# Bienvenidos a MagiaPotagia > Nuevos Miembros >  Mi Presentación

## Rektlaw03

Dado, que la primera impresión es la mas importante, a continuación voy a relatar un pequeño resumen sobre mi persona y seguidamente expondré los datos:

Soy un chico de 27 años, catalán, ni religioso ni político me abstengo de comentarios al respecto, tampoco otros temas típicos. En realidad soy bastante atípico, por lo que la magia siempre me a llamado la atención. Soy una persona extrovertida, con ganas de hacer nuevas amistades y seguir aprendiendo y enseñando ya que son dos cualidades que no se me dan mal. Me gustaria encontrarme a gusto en el foro y poder comentar las jugadas con los demás miembros!
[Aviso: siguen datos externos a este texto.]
(* Let $n\ge2$ and let $R=\frac1n E_n$ be the $n\times n$ comonotone checkerboard copula ($E_n$ the identity matrix). For every $n\times n$ checkerboard copula $P\neq R$, the function $\alpha\mapsto\tau(\alpha R+(1-\alpha)P)$ is strictly increasing on $[0,1]$.
   Context: An $n\times n$ checkerboard copula is a real $n\times n$ matrix with nonnegative entries whose row and column sums all equal $\frac1n$. $\Xi=(\xi_{ij})$ with $\xi_{ij}=1$ if $i=j$, $2$ if $i>j$, $0$ if $i<j$. For an $n\times n$ matrix $M$, $\tau(M)=1-\mathrm{tr}(\Xi M\Xi M^\top)$ (Kendall's $\tau$ of a checkerboard copula). *)

theory Defs
  imports Complex_Main
begin

text \<open>n x n real matrices are represented as functions nat => nat => real,
  only the entries with indices i, j < n being relevant (indices 0..n-1).\<close>

definition checkerboard_copula :: "nat \<Rightarrow> (nat \<Rightarrow> nat \<Rightarrow> real) \<Rightarrow> bool" where
  "checkerboard_copula n M \<longleftrightarrow>
     (\<forall>i<n. \<forall>j<n. M i j \<ge> 0) \<and>
     (\<forall>i<n. (\<Sum>j<n. M i j) = 1 / real n) \<and>
     (\<forall>j<n. (\<Sum>i<n. M i j) = 1 / real n)"

definition Xi :: "nat \<Rightarrow> nat \<Rightarrow> real" where
  "Xi i j = (if i = j then 1 else if i > j then 2 else 0)"

definition mat_mult :: "nat \<Rightarrow> (nat \<Rightarrow> nat \<Rightarrow> real) \<Rightarrow> (nat \<Rightarrow> nat \<Rightarrow> real) \<Rightarrow> (nat \<Rightarrow> nat \<Rightarrow> real)" where
  "mat_mult n A B = (\<lambda>i k. \<Sum>j<n. A i j * B j k)"

definition mat_transpose :: "(nat \<Rightarrow> nat \<Rightarrow> real) \<Rightarrow> (nat \<Rightarrow> nat \<Rightarrow> real)" where
  "mat_transpose A = (\<lambda>i j. A j i)"

definition mat_trace :: "nat \<Rightarrow> (nat \<Rightarrow> nat \<Rightarrow> real) \<Rightarrow> real" where
  "mat_trace n A = (\<Sum>i<n. A i i)"

definition kendall_tau :: "nat \<Rightarrow> (nat \<Rightarrow> nat \<Rightarrow> real) \<Rightarrow> real" where
  "kendall_tau n M =
     1 - mat_trace n (mat_mult n (mat_mult n (mat_mult n Xi M) Xi) (mat_transpose M))"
Que la energía positiva este con todos vosotros :D

_Nombre: Walter
Nombre artístico: Rektlaw o Law
País/ciudad: Mataró
Ramas preferidas: cartomagia, numismagia, mentalismo, escenario...
Perteneces a alguna Asociación o circulo mágico: No
Años practicando magia: 3
Profesional: No
Tipo de público: Amigos, familiares, conocidos, desconocidos.
Por qué me gusta la magia: Por la sensación de adrenalina y sobretodo el gozo en las expresiones de la gente al ver un buen truco._

----------


## Lobhucesh

Debo reconocer que la magia y sobre todo, el realizarla delante de un público, es como un chute de adrenalina para el cuerpo. En mi caso empecé gracias a unas dinámicas que tenía que hacer en el instituto y más adelante en la facultad, teníamos que ponernos delante de la clase y empezar a decir cosas para que nos ayudasen a soltarnos mientras hablábamos en público, yo como más o menos dominaba el arte del discurso, intenté dar un paso más adelante haciendo, mientras hablaba trucos de magia, empezando por cartas para luego dar pie a otras técnicas, la verdad que es muy divertido, y se te pone el corazón a mil en cada actuación.

----------